Worked on many pressure washers, but not sure I understand what you are describing here. "The pump pressurizes without the trigger being pulled". The pump _should_ build up pressure until it reaches the relief pressure point--then the by-pass valve will open to re-circulate water through the pump keeping a constant pressure on the system. When the wand handle is pushed/squeezed/opened, the pressure within the pump will drop, causing the by-pass valve to close and allow all water/pressure to go to the wand. Now--what part of this is going wrong with your unit?


----------



## jclemmojoe (Jun 16, 2011)

Sorry I wasn't able to explain my situation better. The pump doesn't seem to be in by-pass when the trigger is closed. The hose is fully pressurized and becomes very rigid until I pull the trigger. It then seems to go into by-pass as all that comes out of the wand is water flow at hose pressure.

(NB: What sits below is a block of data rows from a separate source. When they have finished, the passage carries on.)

(* Consider an $m$-player episodic Markov game with finite state space $\mathcal{S}$ ($|\mathcal{S}|=S$), action sets $\mathcal{A}_1,\dots,\mathcal{A}_m$ with $|\mathcal{A}_j|=A_j$, and horizon $H$, and an offline dataset of size $n$ in which, for each $h\in[H]$, the state–joint-action pairs $(s_h^k,\mathbf{a}_h^k)$, $k=1,\dots,n$, are i.i.d. with law $d_h$, all dataset tuples being mutually independent. Let $p_{\min}=\min_{s,\mathbf{a},h}\{d_h(s,\mathbf{a}):d_h(s,\mathbf{a})>0\}$ and $\delta\in(0,1)$. If $n\geq \frac{8\log(S\prod_{j\in[m]}A_jH/\delta)}{p_{\min}}$, then with probability at least $1-\delta$, for every joint strategy $\pi$ we have $2C(\pi)\geq \widehat{C}(\pi)$.
   Context: A (Markov) joint strategy is $\pi=(\pi_1,\dots,\pi_m)$ with $\pi_{h,j}:\mathcal{S}\to\Delta(\mathcal{A}_j)$; players act independently. From a fixed initial state $s_1$, $d_h^{\pi}(s,\mathbf{a})$ denotes the probability that $(s_h,\mathbf{a}_h)=(s,\mathbf{a})$ under $\pi$. For a strategy $\pi'$ and player $j$, $(\pi'_j,\pi_{-j})$ denotes the joint strategy where player $j$ uses $\pi'_j$ and all others use $\pi$. Let $n_h(s,\mathbf{a})$ be the number of $k$ with $(s_h^k,\mathbf{a}_h^k)=(s,\mathbf{a})$ and $\widehat{d}_h(s,\mathbf{a})=n_h(s,\mathbf{a})/n$. The population unilateral coefficient is $C(\pi)=\max_{h,j,\pi',s,\mathbf{a}} d_h^{\pi'_j,\pi_{-j}}(s,\mathbf{a})/d_h(s,\mathbf{a})$ and the empirical unilateral coefficient is $\widehat{C}(\pi)=\max_{h,j,\pi',s,\mathbf{a}} d_h^{\pi'_j,\pi_{-j}}(s,\mathbf{a})/\widehat{d}_h(s,\mathbf{a})$ (maxima over $h\in[H]$, $j\in[m]$, all strategies $\pi'$, $s\in\mathcal{S}$, joint actions $\mathbf{a}$; with conventions $0/0=0$ and $x/0=+\infty$ for $x>0$). *)

theory Defs
  imports "HOL-Probability.Probability"
begin

text \<open>Markov game: players are 0..<m, player j has action set A j (subset of a common
type 'a). A (Markov) joint strategy is
sg h j s :: 'a pmf (player j's mixed action at step h in state s); players act independently.
Transition kernel P h s a :: 's pmf; initial state s1. Steps are h = 1..H.\<close>

type_synonym ('s,'a) strategy = "nat \<Rightarrow> nat \<Rightarrow> 's \<Rightarrow> 'a pmf"

definition valid_strategy :: "nat \<Rightarrow> (nat \<Rightarrow> 'a set) \<Rightarrow> ('s,'a) strategy \<Rightarrow> bool" where
  "valid_strategy m A sg \<longleftrightarrow> (\<forall>h j s. j < m \<longrightarrow> set_pmf (sg h j s) \<subseteq> A j)"

definition joint_action :: "nat \<Rightarrow> ('s,'a) strategy \<Rightarrow> nat \<Rightarrow> 's \<Rightarrow> (nat \<Rightarrow> 'a) pmf" where
  "joint_action m sg h s = Pi_pmf {..<m} undefined (\<lambda>j. sg h j s)"

definition deviate :: "nat \<Rightarrow> ('s,'a) strategy \<Rightarrow> ('s,'a) strategy \<Rightarrow> ('s,'a) strategy" where
  "deviate j sg' sg = (\<lambda>h i s. if i = j then sg' h i s else sg h i s)"

text \<open>state_occ ... h : law of s_h (h \<ge> 1); sa_occ ... h : law of (s_h, a_h).\<close>
fun state_occ :: "nat \<Rightarrow> (nat \<Rightarrow> 's \<Rightarrow> (nat \<Rightarrow> 'a) \<Rightarrow> 's pmf) \<Rightarrow> 's \<Rightarrow> ('s,'a) strategy
      \<Rightarrow> nat \<Rightarrow> 's pmf" where
  "state_occ m P s1 sg 0 = return_pmf s1"
| "state_occ m P s1 sg (Suc 0) = return_pmf s1"
| "state_occ m P s1 sg (Suc (Suc h)) =
     bind_pmf (state_occ m P s1 sg (Suc h))
       (\<lambda>s. bind_pmf (joint_action m sg (Suc h) s) (\<lambda>a. P (Suc h) s a))"

definition sa_occ :: "nat \<Rightarrow> (nat \<Rightarrow> 's \<Rightarrow> (nat \<Rightarrow> 'a) \<Rightarrow> 's pmf) \<Rightarrow> 's \<Rightarrow> ('s,'a) strategy
      \<Rightarrow> nat \<Rightarrow> ('s \<times> (nat \<Rightarrow> 'a)) pmf" where
  "sa_occ m P s1 sg h =
     bind_pmf (state_occ m P s1 sg h) (\<lambda>s. map_pmf (\<lambda>a. (s, a)) (joint_action m sg h s))"

definition ratio :: "real \<Rightarrow> real \<Rightarrow> ereal" where
  "ratio x y = (if y = 0 then (if x = 0 then 0 else \<infinity>) else ereal (x / y))"

definition unilateral_coeff ::
  "nat \<Rightarrow> (nat \<Rightarrow> 'a set) \<Rightarrow> nat \<Rightarrow> (nat \<Rightarrow> 's \<Rightarrow> (nat \<Rightarrow> 'a) \<Rightarrow> 's pmf) \<Rightarrow> 's
   \<Rightarrow> (nat \<Rightarrow> 's \<times> (nat \<Rightarrow> 'a) \<Rightarrow> real) \<Rightarrow> ('s,'a) strategy \<Rightarrow> ereal" where
  "unilateral_coeff m A H P s1 dref sg =
     (SUP x \<in> {(h, j, sg', s, a). h \<in> {1..H} \<and> j < m \<and> valid_strategy m A sg'
                                  \<and> a \<in> PiE {..<m} A}.
        case x of (h, j, sg', s, a) \<Rightarrow>
          ratio (pmf (sa_occ m P s1 (deviate j sg' sg) h) (s, a)) (dref h (s, a)))"

definition pop_coeff where
  "pop_coeff m A H P s1 (d :: nat \<Rightarrow> ('s \<times> (nat \<Rightarrow> 'a)) pmf) sg =
     unilateral_coeff m A H P s1 (\<lambda>h x. pmf (d h) x) sg"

As I recall when it was operating properly it would function the exact opposite. Pressure hose would not pressurize until the trigger was pulled/opened. Could the un-loader be stuck? If so why wouldn't I get pressure when I pull the trigger?

Thanks


----------



## jarheadoo7 (Jun 7, 2011)

im still confused..

with the pump running..when you have the trigger depressed the pressure drops to the equivalent of a garden hose..but when you let go of the trigger the pump pressurizes the hose?

when you initially pull the trigger do you get a short blast of pressure then go to garden hose pressure?


----------



## jclemmojoe (Jun 16, 2011)

Yes! If I do get a surge it is almost undetectable.

Thanks


----------